== Segment start ==

(* For $n\ge0$ let $$P_n(z)=\frac{\imath^n}{2^n}\sum_{k=0}^n\binom{n}{k}\left(-\imath z+\tfrac12-k\right)_n$$ (the polynomial associated to the Weyl ordering $a_{n,k}=2^{-n}\binom nk$). Then, as polynomials in $z$, $$P_n(z)=\frac{n!}{(2\imath)^n}\,{}_3F_2\!\left(\begin{matrix}-n,\ n+1,\ \tfrac14-\tfrac{\imath z}{2}\\ \tfrac12,\ 1\end{matrix}\,\Big|\,1\right).$$
   Context: $\imath=\sqrt{-1}$; $(x)_n=x(x+1)\cdots(x+n-1)$. ${}_3F_2\!\left(\begin{smallmatrix}a_1,a_2,a_3\\ b_1,b_2\end{smallmatrix}\big|x\right)=\sum_{k\ge0}\frac{(a_1)_k(a_2)_k(a_3)_k}{(b_1)_k(b_2)_k}\frac{x^k}{k!}$ (a terminating sum here since $a_1=-n$). *)

theory Defs
  imports Complex_Main
begin

text \<open>Generalized hypergeometric series 3F2 (formal sum over all k; it terminates
  when a1 is a non-positive integer, as in the application).\<close>
definition hyp3F2 :: "complex \<Rightarrow> complex \<Rightarrow> complex \<Rightarrow> complex \<Rightarrow> complex \<Rightarrow> complex \<Rightarrow> complex" where
  "hyp3F2 a1 a2 a3 b1 b2 x =
     (\<Sum>k. pochhammer a1 k * pochhammer a2 k * pochhammer a3 k
           / (pochhammer b1 k * pochhammer b2 k) * x ^ k / of_nat (fact k))"

definition P_weyl :: "nat \<Rightarrow> complex \<Rightarrow> complex" where
  "P_weyl n z = \<i> ^ n / 2 ^ n *
     (\<Sum>k=0..n. of_nat (n choose k) * pochhammer (- \<i> * z + 1/2 - of_nat k) n)"

end

theory Submission
  imports Defs
begin

text \<open>
  Up to the factor \<open>(\<i>/2)^n\<close>, \<open>P_n\<close> is \<open>L_n(x) = \<Sum>\<^sub>k C(n,k) (x - k)\<^sub>n\<close> at
  \<open>x = 1/2 - \<i>z\<close>.  Pascal's rule and binomial absorption give the three-term recurrence
  \<open>L\<^sub>n\<^sub>+\<^sub>2 = (2x - 1) L\<^sub>n\<^sub>+\<^sub>1 + (n + 1)\<^sup>2 L\<^sub>n\<close>.  The terminating \<open>\<^sub>3F\<^sub>2\<close> is
  \<open>G_n(y) = \<Sum>\<^sub>j A(n,j) (y)\<^sub>j / (1/2)\<^sub>j\<close> with \<open>A(n,j) = (-1)^j C(2j,j) C(n+j,2j)\<close>;
  a contiguity relation for \<open>A(n,j)\<close> in \<open>n\<close> shows that \<open>(-1)^n n! G_n(x/2)\<close> satisfies
  the same recurrence with the same initial values, hence equals \<open>L_n(x)\<close>.
\<close>

lemma sum_Suc_choose_pascal:
  fixes g :: "nat \<Rightarrow> 'a::comm_ring_1"
  shows "(\<Sum>k\<le>Suc m. of_nat (Suc m choose k) * g k) = (\<Sum>k\<le>m. of_nat (m choose k) * (g k + g (Suc k)))"
proof -
  have shifted: "(\<Sum>k\<le>Suc m. of_nat (Suc m choose k) * g k)
      = g 0 + (\<Sum>k\<le>m. of_nat (m choose k) * g (Suc k)) + (\<Sum>k\<le>m. of_nat (m choose Suc k) * g (Suc k))"
    by (subst sum.atMost_Suc_shift) (simp add: sum.distrib distrib_right del: sum.atMost_Suc)
  have "(\<Sum>k\<le>m. of_nat (m choose k) * g k) = (\<Sum>k\<le>Suc m. of_nat (m choose k) * g k)"
    by (simp add: binomial_eq_0)
  also have "\<dots> = g 0 + (\<Sum>k\<le>m. of_nat (m choose Suc k) * g (Suc k))"
    by (subst sum.atMost_Suc_shift) (simp del: sum.atMost_Suc)
  finally show ?thesis
    unfolding shifted by (simp add: sum.distrib distrib_left)
qed

lemma sum_Suc_choose_mult_index:
  fixes f :: "nat \<Rightarrow> 'a::comm_ring_1"
  shows "(\<Sum>k\<le>Suc p. of_nat (Suc p choose k) * of_nat k * f k)
       = of_nat (Suc p) * (\<Sum>k\<le>p. of_nat (p choose k) * f (Suc k))"
proof -
  have "(\<Sum>k\<le>Suc p. of_nat (Suc p choose k) * of_nat k * f k)
      = (\<Sum>k\<le>p. of_nat (Suc k * (Suc p choose Suc k)) * f (Suc k))"
    by (subst sum.atMost_Suc_shift) (simp add: algebra_simps del: sum.atMost_Suc binomial_Suc_Suc)
  also have "\<dots> = (\<Sum>k\<le>p. of_nat (Suc p) * (of_nat (p choose k) * f (Suc k)))"
    by (simp only: Suc_times_binomial of_nat_mult mult.assoc)
  finally show ?thesis
    by (simp add: sum_distrib_left)
qed

lemma sum_Suc_choose_mult_compl_index:
  fixes f :: "nat \<Rightarrow> 'a::comm_ring_1"
  shows "(\<Sum>k\<le>Suc p. of_nat (Suc p choose k) * (of_nat (Suc p) - of_nat k) * f k)
       = of_nat (Suc p) * (\<Sum>k\<le>p. of_nat (p choose k) * f k)"
proof -
  have "(\<Sum>k\<le>Suc p. of_nat (Suc p choose k) * (of_nat (Suc p) - of_nat k) * f k)
      = (\<Sum>k\<le>p. of_nat ((Suc p - k) * (Suc p choose k)) * f k)"
    by (simp add: of_nat_diff mult_ac)
  also have "\<dots> = (\<Sum>k\<le>p. of_nat (Suc p) * (of_nat (p choose k) * f k))"
    by (simp only: binomial_absorb_comp diff_Suc_1 of_nat_mult mult.assoc)
  finally show ?thesis
    by (simp add: sum_distrib_left)
qed

definition binomial_pochhammer_sum :: "nat \<Rightarrow> 'a::comm_ring_1 \<Rightarrow> 'a" where
  "binomial_pochhammer_sum n x = (\<Sum>k\<le>n. of_nat (n choose k) * pochhammer (x - of_nat k) n)"

lemma pochhammer_Suc_diff_Suc:
  fixes x :: "'a::comm_ring_1"
  shows "pochhammer (x - of_nat (Suc k)) (Suc n) = (x - of_nat (Suc k)) * pochhammer (x - of_nat k) n"
  by (simp add: pochhammer_rec algebra_simps)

== Segment end ==

Problem to work on: Which lines in the material contain the word "simp"? Pull each of them out.

Output:
    by (subst sum.atMost_Suc_shift) (simp add: sum.distrib distrib_right del: sum.atMost_Suc)
    by (simp add: binomial_eq_0)
    by (subst sum.atMost_Suc_shift) (simp del: sum.atMost_Suc)
    unfolding shifted by (simp add: sum.distrib distrib_left)
    by (subst sum.atMost_Suc_shift) (simp add: algebra_simps del: sum.atMost_Suc binomial_Suc_Suc)
    by (simp only: Suc_times_binomial of_nat_mult mult.assoc)
    by (simp add: sum_distrib_left)
    by (simp add: of_nat_diff mult_ac)
    by (simp only: binomial_absorb_comp diff_Suc_1 of_nat_mult mult.assoc)
    by (simp add: sum_distrib_left)
  by (simp add: pochhammer_rec algebra_simps)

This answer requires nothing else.